Firstly, we compare the method with DenseFuse (\(\lambda =1000\)), which is a recently developed fusion method, separately. In Table 1, the values are the average results for 60 fused images, including CT and MRI, MRI and PET and MRI and SPECT. The best results are bloded. We can see that it is effective for adding multi-scale mechanism in DenseFuse.

4.4 Subjective Evaluation

The fused images which are obtained by the seven compared methods and proposed method are shown in Fig. 6.

As we can see from Fig. 6, LES-DC [16] and VGG [10] retain less valid information than other methods because some features are not very clear. The fused images obtained by LLF-IOI [17] are a little sharp and have some artificial noise. Compared with the existing methods, the fused images obtained by our method are more natural. We will leverage objective indicators to analyze the fusion performance.

Fig. 6.
figure 6

Fused results for medical images (RGB) images. Rows 1 to 3 of (a) and (b) are CT and MRI images; Rows 4 to 6 of (a) and (b) are MRI and PET images; Rows 7 to 9 of (a) and (b) are MRI and SPECT images; (c) CNN; (d) IHS-PCA; (e) LES-DC; (f) LLF-IOI; (g) NSST with PAPCNN; (h) VGG; (i) DenseFuse; (j) Ours

4.5 Objective Evaluation

We use SSIM, PSNR, \(FMI_{dct}\), \(FMI_w\), \(FMI_{edge}\), \(FMI_{gradient}\) to analyze fusion performance. We test three groups of medical images, they are: CT and MRT, MRI and PET and MRI and SPECT. The results are shown in Table 2.

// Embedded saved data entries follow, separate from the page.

lemma qform_bool:
  "qform (a :: bool op) v = (\<Sum>i\<in>UNIV. \<Sum>k\<in>UNIV. a i k * (cnj (v i) * v k))"
  by (simp add: qform_def mult_ac)

lemma hermitian_nonneg_minors_rank_one:
  "hermitian_nonneg_minors (\<lambda>i k. cnj (v i) * v k)"
  by (simp add: hermitian_nonneg_minors_def norm_mult power_mult_distrib cmod_power2)
    (simp add: power2_eq_square)

lemma psd_if_hermitian_nonneg_minors:
  "hermitian_nonneg_minors a \<Longrightarrow> psd a"
  unfolding psd_iff_qform qform_bool
  using entrywise_pairing_nonneg hermitian_nonneg_minors_rank_one by blast

lemma qform_bool_expand:
  "qform (a :: bool op) v = cnj (v False) * a False False * v False
     + cnj (v False) * a False True * v True + cnj (v True) * a True False * v False
     + cnj (v True) * a True True * v True"
  by (simp add: qform_def sum_UNIV_bool)

lemma hermitian_nonneg_minors_if_psd:
  assumes "psd a"
  shows "hermitian_nonneg_minors a"
proof -
  have form: "Im (qform a v) = 0 \<and> 0 \<le> Re (qform a v)" for v
    using assms by (simp add: psd_iff_qform)
  from form [of "\<lambda>b. if b then 0 else 1"]
  have diag0: "Im (a False False) = 0" "0 \<le> Re (a False False)"
    by (simp_all add: qform_bool_expand)
  from form [of "\<lambda>b. if b then 1 else 0"]
  have diag1: "Im (a True True) = 0" "0 \<le> Re (a True True)"
    by (simp_all add: qform_bool_expand)
  from form [of "\<lambda>b. 1"] form [of "\<lambda>b. if b then \<i> else 1"]
  have herm: "a True False = cnj (a False True)"
    using diag0 diag1 by (simp add: qform_bool_expand complex_eq_iff)
  define p q c where "p = Re (a False False)" and "q = Re (a True True)"
    and "c = a False True"
  have entries: "a False False = complex_of_real p" "a True True = complex_of_real q"
    "a False True = c" "a True False = cnj c"
    using diag0 diag1 herm by (simp_all add: p_def q_def c_def complex_eq_iff)
  have cmod_sq: "cmod z * cmod z = Re z * Re z + Im z * Im z" for z
    using cmod_power2 [of z] by (simp add: power2_eq_square)
  have "(cmod c)\<^sup>2 \<le> p * q"
  proof (cases "0 < q")
    case True
    have "Re (qform a (\<lambda>b. if b then - cnj c else complex_of_real q)) = q * (p * q - (cmod c)\<^sup>2)"
      by (simp add: qform_bool_expand entries cmod_sq power2_eq_square algebra_simps)
    then show ?thesis
      using form True by (metis diff_ge_0_iff_ge zero_le_mult_iff not_le)
  next
    case False
    then have "q = 0"
      using diag1 by (simp add: q_def)
    have "Re (qform a (\<lambda>b. if b then - complex_of_real (p + 1) else c)) = - (p + 2) * (cmod c)\<^sup>2"
      by (simp add: qform_bool_expand entries \<open>q = 0\<close> cmod_sq power2_eq_square algebra_simps)
    then have "(p + 2) * (cmod c)\<^sup>2 \<le> 0"
      using form by (metis mult_minus_left neg_0_le_iff_le)
    moreover have "0 \<le> p"
      using diag0 by (simp add: p_def)
    ultimately show ?thesis
      using \<open>q = 0\<close> by (simp add: mult_le_0_iff)
  qed
  then show ?thesis
    using diag0 diag1 herm by (simp add: hermitian_nonneg_minors_def p_def q_def c_def)
qed

lemma psd_bool_iff: "psd a \<longleftrightarrow> hermitian_nonneg_minors a"
  using hermitian_nonneg_minors_if_psd psd_if_hermitian_nonneg_minors by blast

lemma psd_Pmap:
  assumes "psd a"
  shows "psd (Pmap a)"
proof -
  let ?p = "Re (a False False)" and ?q = "Re (a True True)"
  have "(cmod (a False True))\<^sup>2 \<le> ?p * ?q"
    using assms by (simp add: psd_bool_iff hermitian_nonneg_minors_def)
  also have "\<dots> \<le> (?p + ?q) / 2 * ((?p + ?q) / 2)"
    using zero_le_power2 [of "?p - ?q"] by (simp add: power2_eq_square field_simps)
  finally show ?thesis
    using assms by (simp add: psd_bool_iff hermitian_nonneg_minors_def Pmap_def)
qed

lemma psd_idop_minus_density:
  fixes a :: "bool op"
  assumes "density a"
  shows "psd (\<lambda>i j. idop i j - a i j)"
proof -
  have "a False False + a True True = 1"
    using assms by (simp add: density_def tr_def sum_UNIV_bool)
  then have "1 - a False False = a True True" "1 - a True True = a False False"
    by (simp_all add: algebra_simps)
  with assms show ?thesis
    by (simp add: density_def psd_bool_iff hermitian_nonneg_minors_def idop_def mult.commute)
qed
lemma pmf_plateau_size_pmf_Suc:
  assumes p: "0 \<le> p" "p \<le> 1" and k: "1 \<le> k"
  shows "pmf (plateau_size_pmf p (Suc k)) l = (\<Sum>m\<in>{1..k}.
    (if l = 1 then 1 - (1 - p) ^ m else if l = Suc m then (1 - p) ^ m else 0) * pmf (plateau_size_pmf p k) m)"
proof -
  have support: "set_pmf (plateau_size_pmf p k) \<subseteq> {1..k}"
    using card_plateau[OF k] by (auto simp: plateau_size_pmf_def)
  have "pmf (plateau_size_pmf p (Suc k)) l
      = (\<Sum>m\<in>{1..k}. pmf (plateau_step p m) l * pmf (plateau_size_pmf p k) m)"
    unfolding plateau_size_pmf_Suc[OF p k] pmf_bind
    by (rule integral_measure_pmf_real) (use support in auto)
  then show ?thesis
    by (simp add: pmf_plateau_step[OF p])
qed

lemma pmf_plateau_size_pmf:
  assumes p: "0 \<le> p" "p \<le> 1" and "1 \<le> k"
  shows "pmf (plateau_size_pmf p k) l =
    (if l \<in> {1..k} then hcoef_partial p (k - l) * fps_nth (Bp p) (l - 1) else 0)"
  using \<open>1 \<le> k\<close>
proof (induction k arbitrary: l rule: nat_induct_at_least)
  case base
  show ?case unfolding plateau_size_pmf_1 by simp
next
  case (Suc k)
  let ?u = "\<lambda>m. hcoef_partial p (k - m) * fps_nth (Bp p) (m - 1)"
  have "pmf (plateau_size_pmf p (Suc k)) l = (\<Sum>m\<in>{1..k}.
      (if l = 1 then 1 - (1 - p) ^ m else if l = Suc m then (1 - p) ^ m else 0) * ?u m)"
    by (simp add: pmf_plateau_size_pmf_Suc[OF p Suc.hyps] Suc.IH)
  also have "\<dots> = (if l \<in> {1..Suc k} then hcoef_partial p (Suc k - l) * fps_nth (Bp p) (l - 1) else 0)"
  proof (cases "l = 1")
    case True
    then show ?thesis using renewal_identity[OF Suc.hyps, of p] by simp
  next
    case False
    then have "(\<Sum>m\<in>{1..k}.
        (if l = 1 then 1 - (1 - p) ^ m else if l = Suc m then (1 - p) ^ m else 0) * ?u m)
        = (\<Sum>m\<in>{1..k}. if m = l - 1 then (1 - p) ^ m * ?u m else 0)"
      by (intro sum.cong refl) auto
    also have "\<dots> = (if l - 1 \<in> {1..k} then (1 - p) ^ (l - 1) * ?u (l - 1) else 0)"
      by (simp only: sum.delta finite_atLeastAtMost)
    also have "\<dots> = (if l \<in> {1..Suc k} then hcoef_partial p (Suc k - l) * fps_nth (Bp p) (l - 1) else 0)"
    proof (cases "l - 1 \<in> {1..k}")
      case True
      then have "2 \<le> l" by auto
      then obtain j where "l = j + 2" by (metis add.commute le_Suc_ex)
      with True show ?thesis by (simp add: Bp_nth_Suc)
    qed (use False in auto)
    finally show ?thesis .
  qed
  finally show ?case .
qed

lemma finite_set_weight_pmf: "finite (set_pmf (weight_pmf p k))"
  unfolding weight_pmf_def by (intro finite_set_Pi_pmf_bool finite_tt_edges)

In Table 2, the best results are bloded, the second-best results are marked in red and the third-best results are marked in blue. In Table 2, it can be seen that proposed method’s indicators are very high for the most part. It proves that the results of proposed method has more salient features and less artificial noise.

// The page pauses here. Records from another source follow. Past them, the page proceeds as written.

lemma pair_diff_left: "pair (u - v) h = pair u h - pair v h"
  by (simp add: pair_def sum_subtractf left_diff_distrib)

lemma pair_diff_right: "pair h (u - v) = pair h u - pair h v"
  by (simp add: pair_def sum_subtractf right_diff_distrib)

lemma pair_uminus_left: "pair (- u) h = - pair u h"
  by (simp add: pair_def sum_negf)

lemma pair_uminus_right: "pair h (- u) = - pair h u"
  by (simp add: pair_def sum_negf)

lemma pair_scale_left: "pair (vscale c u) h = c * pair u h"
  by (simp add: pair_def sum_distrib_left mult.assoc)

lemma pair_scale_right: "pair h (vscale c u) = c * pair h u"
  by (simp add: pair_def sum_distrib_left algebra_simps)

lemma pair_sum_left: "pair (sum f A) h = (\<Sum>a\<in>A. pair (f a) h)"
  by (simp add: pair_def sum_fun_apply sum_distrib_right) (rule sum.swap)

lemma pair_sum_right: "pair h (sum f A) = (\<Sum>a\<in>A. pair h (f a))"
  by (simp add: pair_def sum_fun_apply sum_distrib_left) (rule sum.swap)

lemma pair_commute: "pair u h = pair h u"
  by (simp add: pair_def mult.commute)

lemmas pair_simps = pair_add_left pair_add_right pair_diff_left pair_diff_right
  pair_uminus_left pair_uminus_right pair_scale_left pair_scale_right pair_sum_left pair_sum_right

lemma pair_eq_zero_imp_zero:
  fixes u :: "'n::finite \<Rightarrow> 'f::field_char_0"
  assumes "\<And>h. pair u h = 0"
  shows "u = 0"
proof
  fix i
  have "pair u (\<lambda>j. if j = i then 1 else 0) = u i"
    by (simp add: pair_def if_distrib cong: if_cong)
  then show "u i = 0 i"
    using assms by simp
qed

lemma kappa_add_left: "kappa R (x + y) z = kappa R x z + kappa R y z"
  by (simp add: kappa_def pair_add_right sum.distrib distrib_right)

lemma kappa_diff_left: "kappa R (x - y) z = kappa R x z - kappa R y z"
  by (simp add: kappa_def pair_diff_right sum_subtractf left_diff_distrib)

lemma kappa_scale_left: "kappa R (vscale c x) z = c * kappa R x z"
  by (simp add: kappa_def pair_scale_right sum_distrib_left mult.assoc)

lemma kappa_uminus_left: "kappa R (- x) z = - kappa R x z"
  by (simp add: kappa_def pair_simps sum_negf)

lemma kappa_sum_left: "kappa R (sum f A) z = (\<Sum>a\<in>A. kappa R (f a) z)"
  unfolding kappa_def pair_sum_right by (simp add: sum_distrib_right) (rule sum.swap)

lemma kappa_commute: "kappa R x y = kappa R y x"
  by (simp add: kappa_def mult.commute)

definition vlinear :: "(('n \<Rightarrow> 'f::field_char_0) \<Rightarrow> ('m \<Rightarrow> 'f)) \<Rightarrow> bool" where
  "vlinear f \<longleftrightarrow> (\<forall>u v. f (u + v) = f u + f v) \<and> (\<forall>c u. f (vscale c u) = vscale c (f u))"

lemma vlinear_id: "vlinear id"
  by (simp add: vlinear_def)

lemma vlinear_comp: "vlinear f \<Longrightarrow> vlinear g \<Longrightarrow> vlinear (f \<circ> g)"
  by (simp add: vlinear_def)

lemma vlinear_zero: "vlinear f \<Longrightarrow> f 0 = 0"
  unfolding vlinear_def by (metis vscale_zero)

lemma vlinear_uminus: "vlinear f \<Longrightarrow> f (- u) = - f u"
  unfolding vlinear_def by (metis vscale_minus_one)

Table 2. The average values of quality metrics for 20 fused images of each fusion categories.

5 Conclusion

In this paper, we propose a multi-scale DenseNet by adding multi-scale mechanism into DenseFuse and apply the improved method for medical image fusion.

Our network consists of constructed by encoder, fusion layer and decoder. Encoder is made of a convolutional layer, dense block and multi-scale layer. Decoder is made of four CNN layers. After multi-scale layer, we obtain three groups of feature maps. Then, we utilize \(L_1\)-norm fusion strategy to fusion them respectively. We concatenate them as input into decoder. Finally, we obtain the fused image reconstructed by decoder.

We use subjective and objective quality metrics to evaluate the performance of fusion results. The results of experiments indicate that our method is effective for medical image fusion.